== Recorded information ==

(* Let $m\ge1$, $n\ge0$, $0\le i\le m$. Then the inclusion $\Lambda^{m,n}_i=(\Lambda^m_i\times\Delta^n)\cup(\Delta^m\times\partial\Delta^n)\hookrightarrow\Delta^m\times\Delta^n$ is an $m$-expansion. Likewise, for $m\ge0$, $n\ge1$, $0\le j\le n$, the inclusion $\tilde\Lambda^{m,n}_j=(\partial\Delta^m\times\Delta^n)\cup(\Delta^m\times\Lambda^n_j)\hookrightarrow\Delta^m\times\Delta^n$ is an $n$-expansion.
   Context: $\Lambda^p_i=\bigcup_{j\ne i}\partial_j\Delta^p$ is the horn and $\partial\Delta^p$ the boundary. For $m>0$, an inclusion of simplicial sets $S\hookrightarrow T$ is an $m$-expansion if there is a filtration $S=F_{-1}T\subset F_0T\subset F_1T\subset\cdots$ with $T=\bigcup_\ell F_\ell T$, a weakly monotone sequence $n_\ell\ge m$ ($\ell\ge0$), indices $0\le i_\ell\le n_\ell$, and maps $x_\ell:\Delta^{n_\ell}\to F_\ell T$, $y_\ell:\Lambda^{n_\ell}_{i_\ell}\to F_{\ell-1}T$ making $F_\ell T$ the pushout of $F_{\ell-1}T\leftarrow\Lambda^{n_\ell}_{i_\ell}\hookrightarrow\Delta^{n_\ell}$. *)

theory Defs
  imports Main "HOL-Library.Extended_Nat"
begin

(* A simplicial set is given by graded carriers X k (the k-simplices) and an
   action: act k \<theta> x is the pullback of x \<in> X l along \<theta> : [k] \<rightarrow> [l]
   (a monotone map {0..k} \<rightarrow> {0..l}). *)

definition mono_op :: "nat \<Rightarrow> nat \<Rightarrow> (nat \<Rightarrow> nat) \<Rightarrow> bool" where
  "mono_op k l \<theta> \<longleftrightarrow> (\<forall>j\<le>k. \<theta> j \<le> l) \<and> (\<forall>j j'. j \<le> j' \<longrightarrow> j' \<le> k \<longrightarrow> \<theta> j \<le> \<theta> j')"

definition is_sset :: "(nat \<Rightarrow> 'a set) \<Rightarrow> (nat \<Rightarrow> (nat \<Rightarrow> nat) \<Rightarrow> 'a \<Rightarrow> 'a) \<Rightarrow> bool" where
  "is_sset X act \<longleftrightarrow>
     (\<forall>k l. k \<noteq> l \<longrightarrow> X k \<inter> X l = {}) \<and>
     (\<forall>k l \<theta> x. mono_op k l \<theta> \<and> x \<in> X l \<longrightarrow> act k \<theta> x \<in> X k) \<and>
     (\<forall>k x. x \<in> X k \<longrightarrow> act k id x = x) \<and>
     (\<forall>k l p \<theta> \<phi> x. mono_op k l \<theta> \<and> mono_op l p \<phi> \<and> x \<in> X p \<longrightarrow>
         act k \<theta> (act l \<phi> x) = act k (\<phi> \<circ> \<theta>) x) \<and>
     (\<forall>k l \<theta> \<theta>' x. mono_op k l \<theta> \<and> x \<in> X l \<and> (\<forall>j\<le>k. \<theta> j = \<theta>' j) \<longrightarrow>
         act k \<theta> x = act k \<theta>' x)"

definition subcx :: "(nat \<Rightarrow> 'a set) \<Rightarrow> (nat \<Rightarrow> 'a set) \<Rightarrow> (nat \<Rightarrow> (nat \<Rightarrow> nat) \<Rightarrow> 'a \<Rightarrow> 'a) \<Rightarrow> bool" where
  "subcx S X act \<longleftrightarrow> (\<forall>k. S k \<subseteq> X k) \<and>
     (\<forall>k l \<theta> x. mono_op k l \<theta> \<and> x \<in> S l \<longrightarrow> act k \<theta> x \<in> S k)"

definition smap :: "(nat \<Rightarrow> 'a set) \<Rightarrow> (nat \<Rightarrow> (nat \<Rightarrow> nat) \<Rightarrow> 'a \<Rightarrow> 'a) \<Rightarrow>
    (nat \<Rightarrow> 'b set) \<Rightarrow> (nat \<Rightarrow> (nat \<Rightarrow> nat) \<Rightarrow> 'b \<Rightarrow> 'b) \<Rightarrow> ('a \<Rightarrow> 'b) \<Rightarrow> bool" where
  "smap X actX Y actY f \<longleftrightarrow> (\<forall>k. \<forall>x\<in>X k. f x \<in> Y k) \<and>
     (\<forall>k l \<theta> x. mono_op k l \<theta> \<and> x \<in> X l \<longrightarrow> f (actX k \<theta> x) = actY k \<theta> (f x))"

(* Pushout of sets: the square  C -g-> A,  C -h-> B,  A -f-> P,  B -k-> P  is a pushout iff it
   commutes and the canonical map from the standard pushout (A \<uplus> B)/~ to P is a bijection,
   where ~ is the equivalence relation generated by Inl (g c) ~ Inr (h c). *)
definition set_pushout :: "'c set \<Rightarrow> 'a set \<Rightarrow> 'b set \<Rightarrow> ('c \<Rightarrow> 'a) \<Rightarrow> ('c \<Rightarrow> 'b) \<Rightarrow>
    'p set \<Rightarrow> ('a \<Rightarrow> 'p) \<Rightarrow> ('b \<Rightarrow> 'p) \<Rightarrow> bool" where
  "set_pushout C A B g h P f k \<longleftrightarrow>
     g ` C \<subseteq> A \<and> h ` C \<subseteq> B \<and>
     (\<forall>c\<in>C. f (g c) = k (h c)) \<and>
     f ` A \<union> k ` B = P \<and>
     (let D = Inl ` A \<union> Inr ` B;
          E = {(Inl (g c), Inr (h c)) | c. c \<in> C}
      in \<forall>u\<in>D. \<forall>v\<in>D. (case_sum f k u = case_sum f k v) \<longleftrightarrow> (u, v) \<in> (E \<union> E\<inverse>)\<^sup>*)"

(* The standard simplex \<Delta>^p: k-simplices are monotone maps [k] \<rightarrow> [p], written as sorted lists *)
definition simplex :: "nat \<Rightarrow> nat \<Rightarrow> nat list set" where
  "simplex p k = {xs. length xs = Suc k \<and> sorted xs \<and> set xs \<subseteq> {0..p}}"

definition act_list :: "nat \<Rightarrow> (nat \<Rightarrow> nat) \<Rightarrow> nat list \<Rightarrow> nat list" where
  "act_list k \<theta> xs = map (\<lambda>j. xs ! \<theta> j) [0..<Suc k]"

(* horn \<Lambda>^p_i = union of the faces d_j \<Delta>^p, j \<noteq> i *)
definition horn :: "nat \<Rightarrow> nat \<Rightarrow> nat \<Rightarrow> nat list set" where
  "horn p i k = {xs \<in> simplex p k. \<exists>j\<le>p. j \<noteq> i \<and> j \<notin> set xs}"

(* boundary \<partial>\<Delta>^p = union of all faces *)
definition bdry :: "nat \<Rightarrow> nat \<Rightarrow> nat list set" where
  "bdry p k = {xs \<in> simplex p k. \<exists>j\<le>p. j \<notin> set xs}"

definition act_prod :: "nat \<Rightarrow> (nat \<Rightarrow> nat) \<Rightarrow> nat list \<times> nat list \<Rightarrow> nat list \<times> nat list" where
  "act_prod k \<theta> xy = (act_list k \<theta> (fst xy), act_list k \<theta> (snd xy))"

definition prism :: "nat \<Rightarrow> nat \<Rightarrow> nat \<Rightarrow> (nat list \<times> nat list) set" where
  "prism m n k = simplex m k \<times> simplex n k"

definition horn_prism1 :: "nat \<Rightarrow> nat \<Rightarrow> nat \<Rightarrow> nat \<Rightarrow> (nat list \<times> nat list) set" where
  "horn_prism1 m n i k = (horn m i k \<times> simplex n k) \<union> (simplex m k \<times> bdry n k)"

definition horn_prism2 :: "nat \<Rightarrow> nat \<Rightarrow> nat \<Rightarrow> nat \<Rightarrow> (nat list \<times> nat list) set" where
  "horn_prism2 m n j k = (bdry m k \<times> simplex n k) \<union> (simplex m k \<times> horn n j k)"

(* Pushout square in sSet: simplicial maps, levelwise a pushout of sets.
   Square: F_{l-1} <-y- \<Lambda>^p_i -incl-> \<Delta>^p,  F_{l-1} -incl-> F_l <-x- \<Delta>^p *)

(* The filtration F 0 = S (= F_{-1}), F (Suc l) = F_l,
   has length N (finite or infinite); step l (enat l < N) attaches a horn \<Lambda>^{n l}_{i l} \<subseteq> \<Delta>^{n l}. *)
definition expansion :: "nat \<Rightarrow> (nat \<Rightarrow> 'a set) \<Rightarrow> (nat \<Rightarrow> 'a set) \<Rightarrow>
    (nat \<Rightarrow> (nat \<Rightarrow> nat) \<Rightarrow> 'a \<Rightarrow> 'a) \<Rightarrow> bool" where
  "expansion m S T act \<longleftrightarrow> is_sset T act \<and> subcx S T act \<and>
    (\<exists>(N::enat) (F :: nat \<Rightarrow> nat \<Rightarrow> 'a set) (nn :: nat \<Rightarrow> nat) (ii :: nat \<Rightarrow> nat)
        (x :: nat \<Rightarrow> nat list \<Rightarrow> 'a) (y :: nat \<Rightarrow> nat list \<Rightarrow> 'a).
       F 0 = S \<and>
       (\<forall>l. enat l \<le> N \<longrightarrow> subcx (F l) T act) \<and>
       (\<forall>k. T k = (\<Union>l\<in>{l. enat l \<le> N}. F l k)) \<and>
       (\<forall>l. enat (Suc l) < N \<longrightarrow> nn l \<le> nn (Suc l)) \<and>
       (\<forall>l. enat l < N \<longrightarrow>
          m \<le> nn l \<and> ii l \<le> nn l \<and>
          (\<forall>k. F l k \<subseteq> F (Suc l) k) \<and>
          smap (simplex (nn l)) act_list (F (Suc l)) act (x l) \<and>
          smap (horn (nn l) (ii l)) act_list (F l) act (y l) \<and>
          (\<forall>k. set_pushout (horn (nn l) (ii l) k) (F l k) (simplex (nn l) k) (y l) id
                 (F (Suc l) k) id (x l))))"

===

### Instructions for the task
Could you work out how many lines of the data above contain the word "enat"? Give only the number.

### Solution to the problem
6